WHO does not recommend AFB smear microscopy or mycobacterial culture in general for diagnosis of TB disease,8 partially due to resource constraints in low-middle income and high-burden TB countries. The Panel debated the value of AFB smear microscopy given the widespread availability of NAAT in Singapore. The consensus was to remain aligned with other major guidelines in recommending AFB smear microscopy at present,14,17,18,24-26,30 since these results still guide contact tracing operations.

Most guidelines support using either TST or IGRA as a supplementary diagnostic test in children, due to the challenges of obtaining clinical samples from young children as well as the paucibacillary nature of childhood pulmonary TB.8,14,17,18,24-26,30 However, these tests are not recommended in adults due to their lower specificity and relative ease of obtaining clinical samples.

13. What are the types of clinical samples that should be collected and sent to the laboratory for testing?

Recommendations

  • Sputum is the preferred clinical sample for the diagnosis of TB disease in adults and older children. (Adopted)
  • In adults and children who are unable to properly expectorate, induced sputum is preferred, with early morning gastric aspirate considered an equivalent option in very young children and adults for whom sputum induction is unfeasible. (Adopted)
  • Bronchoscopy with aspiration and lavage is an alternative option for sample collection in both adults and children. (Adopted)
  • Nasopharyngeal aspiration is an alternative option for sample collection in children. (Adopted)

Remarks

Obtaining high-quality sputum increases the yield of microbiological testing. NZ and Malaysia guidelines (Table 1) recommended induced sputum over expectorated sputum for the diagnosis of pulmonary TB disease,14,18 but the former is a secondary or equivalent option in other guidelines.8,17,24-26,30

Nasopharyngeal aspirate—while relatively easy to perform—has considerably lower sensitivity for diagnosing TB disease (NAAT sensitivity of approximately 46% versus 73% in gastric aspirate) in children.38 It is recommended in 3 guidelines as an alternative when sputum or gastric aspirate collection is unfeasible.8,14,18

Testing stool via NAAT is newly recommended by WHO for the diagnosis of pulmonary TB in children, with reasonable diagnostic sensitivity.8 However, in view of the familiarity of obtaining induced sputum or gastric fluid samples at present coupled with additional laboratory processing steps for stool,17,38 the Panel elected not to recommend stool as an alternative sample type for TB diagnosis.
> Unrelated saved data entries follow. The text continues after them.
lemma qform_Zp_represents_multiples:
  fixes A :: "'n::finite \<Rightarrow> 'n \<Rightarrow> nat \<Rightarrow> rat"
  assumes "is_qform p A" "nonsingular p A" "isotropic p A" and q: "pcauchy p q"
  shows "\<exists>a b L. (\<forall>i. a i \<in> Zp p) \<and> (\<forall>i. b i \<in> Zp p) \<and> L \<noteq> 0
     \<and> pnull p (\<lambda>k. qform A a k - L * q k) \<and> pnull p (\<lambda>k. qform A b k - L)"
proof -
  have A: "\<And>i j. pcauchy p (A i j)" and sym: "\<And>i j. pnull p (\<lambda>k. A i j k - A j i k)"
    using assms(1) unfolding is_qform_def Qp_def peq_def by auto
  obtain x j0 where x: "\<And>i. pcauchy p (x i)" and x0: "\<not> pnull p (x j0)"
    and Qx: "pnull p (qform A x)"
    using assms(3) unfolding isotropic_def Qp_def by auto
  obtain j where polar: "\<not> pnull p (\<lambda>k. \<Sum>i\<in>UNIV. (A i j k + A j i k) * x i k)"
    using exists_polar_not_pnull[of A x j0, OF A sym x x0] assms(2)
    unfolding nonsingular_def by blast
  obtain va where va: "\<And>i. pcauchy p (va i)" "pnull p (\<lambda>k. qform A va k - q k)"
    using qform_represents[OF A x Qx polar q] by blast
  obtain vb where vb: "\<And>i. pcauchy p (vb i)" "pnull p (\<lambda>k. qform A vb k - 1)"
    using qform_represents[OF A x Qx polar pcauchy_const] by blast
  \<comment> \<open>Scale both families by the same power of \<open>p\<close>, so that the quotient is unchanged.\<close>
  define v where "v = case_sum va vb"
  have "pcauchy p (v l)" for l by (cases l) (simp_all add: v_def va vb)
  then obtain M w where w: "\<And>l. w l \<in> Zp p" "\<And>l. pnull p (\<lambda>k. of_nat p ^ M * v l k - w l k)"
    using pcauchy_scale_into_Zp[of v] by blast
  define s :: rat where "s = of_nat p ^ M"
  have w_cauchy: "pcauchy p (w l)" for l using w(1) unfolding Zp_def by simp
  have wa: "pnull p (\<lambda>k. s * va i k - w (Inl i) k)" and wb: "pnull p (\<lambda>k. s * vb i k - w (Inr i) k)"
    for i using w(2)[of "Inl i"] w(2)[of "Inr i"] by (simp_all add: v_def s_def)
  have "pnull p (\<lambda>k. qform A (\<lambda>i. w (Inl i)) k - s\<^sup>2 * q k)"
    by (rule qform_pnull_scale[of A va _ s]) (use A va w_cauchy wa in auto)
  moreover have "pnull p (\<lambda>k. qform A (\<lambda>i. w (Inr i)) k - s\<^sup>2 * 1)"
    by (rule qform_pnull_scale[of A vb _ s]) (use A vb w_cauchy wb in auto)
  moreover have "s\<^sup>2 \<noteq> 0" using prime_gt_0_nat[OF prime] by (simp add: s_def)
  ultimately show ?thesis
    using w(1) by (intro exI[of _ "\<lambda>i. w (Inl i)"] exI[of _ "\<lambda>i. w (Inr i)"] exI[of _ "s\<^sup>2"]) simp
qed

lemma peq_pdiv_if_pnull:
  assumes q: "pcauchy p q" and L: "L \<noteq> 0"
    and U: "pnull p (\<lambda>k. U k - L * q k)" and V: "pnull p (\<lambda>k. V k - L)"
  shows "pbounded_below p V" and "peq p q (pdiv U V)"
proof -
  show V_below: "pbounded_below p V"
    using pbounded_below_perturb[OF pbounded_below_const[OF L]] pnull_minus[OF V] by simp
  have "pnull p (\<lambda>k. inverse (V k) * (q k * (V k - L) - (U k - L * q k)))"
    using pbounded_inverse[OF V_below]
      pnull_diff[OF pbounded_mult_pnull[OF pcauchy_imp_pbounded[OF q] V] U]
    by (rule pbounded_mult_pnull)
  moreover have "eventually (\<lambda>k. q k - pdiv U V k =
      inverse (V k) * (q k * (V k - L) - (U k - L * q k))) sequentially"
    using pbounded_below_eventually_nonzero[OF V_below]
    by eventually_elim (simp add: pdiv_def field_simps)
  ultimately show "peq p q (pdiv U V)"
    unfolding peq_def by (rule pnull_ssubst[rotated])
qed

lemma padic_norm_quotient_error:
  assumes u: "padic_norm p (u - L * q) < \<delta>" and v: "padic_norm p (v - L) < \<delta>"
    and \<delta>: "\<delta> \<le> padic_norm p L" and q: "padic_norm p q \<le> C" and C: "1 \<le> C"
  shows "padic_norm p (q - u / v) \<le> C * \<delta> / padic_norm p L"
proof -
  have "padic_norm p (L - v) < padic_norm p L"
    using v \<delta> by (simp add: padic_norm_diff_commute)
  from padic_norm_eq_if_close[OF this] have v_norm: "padic_norm p v = padic_norm p L" .
  have "0 < \<delta>" using u padic_norm_nonneg[of "u - L * q"] by linarith
  then have "0 < padic_norm p L" using \<delta> by linarith
  then have "v \<noteq> 0" using v_norm by auto
  then have "q - u / v = (q * (v - L) - (u - L * q)) / v" by (simp add: field_simps)
  moreover have "padic_norm p (q * (v - L) - (u - L * q)) \<le> C * \<delta>"
  proof (rule order_trans[OF padic_norm_diff_le_max max.boundedI])
    show "padic_norm p (q * (v - L)) \<le> C * \<delta>"
      unfolding padic_norm_mult using q v C by (intro mult_mono) (auto simp: padic_norm_nonneg)
    have "\<delta> \<le> C * \<delta>" using C \<open>0 < \<delta>\<close> by simp
    then show "padic_norm p (u - L * q) \<le> C * \<delta>" using u by linarith
  qed
  ultimately show ?thesis
    using \<open>0 < padic_norm p L\<close> by (simp add: padic_norm_divide v_norm divide_right_mono)
qed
14. Excluding bronchoscopic sampling, what should be the minimum number of samples sent and when should the samples be collected?

Recommendations

  • At least 2 samples should be sent for laboratory testing for TB disease, of which at least 1 sample should be an early morning sample. (Adapted)
  • Same-day collection of samples is preferred except in the case of gastric aspirate, for which alternate day (i.e. day 1 and day 2) collection of early morning samples is ideal. (Adopted)

Remarks

The recommendations from international guidelines on this question are listed in Supplementary Materials Appendix S4. Most guidelines recommended a minimum of 3 samples,17,24-26,30 with most also preferring early morning collection.14,18,24-26 Considering the marginal additional diagnostic yield for a third sample (2–3% on average),24 the Panel elected to set the minimum at 2 samples, with at least 1 collected in the early morning. Fasted early morning samples are recommended for gastric aspirate collection as gastric emptying following food or water intake will significantly reduce diagnostic yield.38

15. Under what circumstances should computed tomography (CT) scan of the thorax be considered for the diagnosis of pulmonary TB?

Recommendation

  • CT thorax may be considered as an additional imaging modality for the purposes of excluding another underlying diagnosis or for the evaluation of extrapulmonary TB disease with pulmonary involvement (i.e. pleural or pericardial disease). (Adopted)

Remarks

CT thorax was positioned across several guidelines as a non-routine and additional imaging modality to be considered for use for further diagnostic investigations.8,14,17,25

16. What is the role of next-generation sequencing (NGS) as a clinical laboratory tool?

Recommendations

  • Whole genome sequencing (WGS) can be deployed in clinical laboratories in Singapore for genotypic prediction of TB drug resistance. It has demonstrable high sensitivity and specificity especially for first-line drugs, and the output can also be used for national TB surveillance. (Adapted)

Remarks

NGS applications for TB currently include prediction of drug resistance via both WGS6-8 and targeted NGS (tNGS),8 and molecular epidemiological investigations of transmission via WGS. WGS is ideally performed on cultured M. tuberculosis isolates due to the need for high-quality deoxyribonucleic acid (DNA), with techniques to enable direct sequencing from clinical samples still very much a work-in-progress. In Singapore, WGS is primarily used for public health surveillance. Routine WGS for drug susceptibility testing in clinical laboratories could eliminate the requirement for phenotypic testing in genotypic pan-sensitive M. tuberculosis isolates.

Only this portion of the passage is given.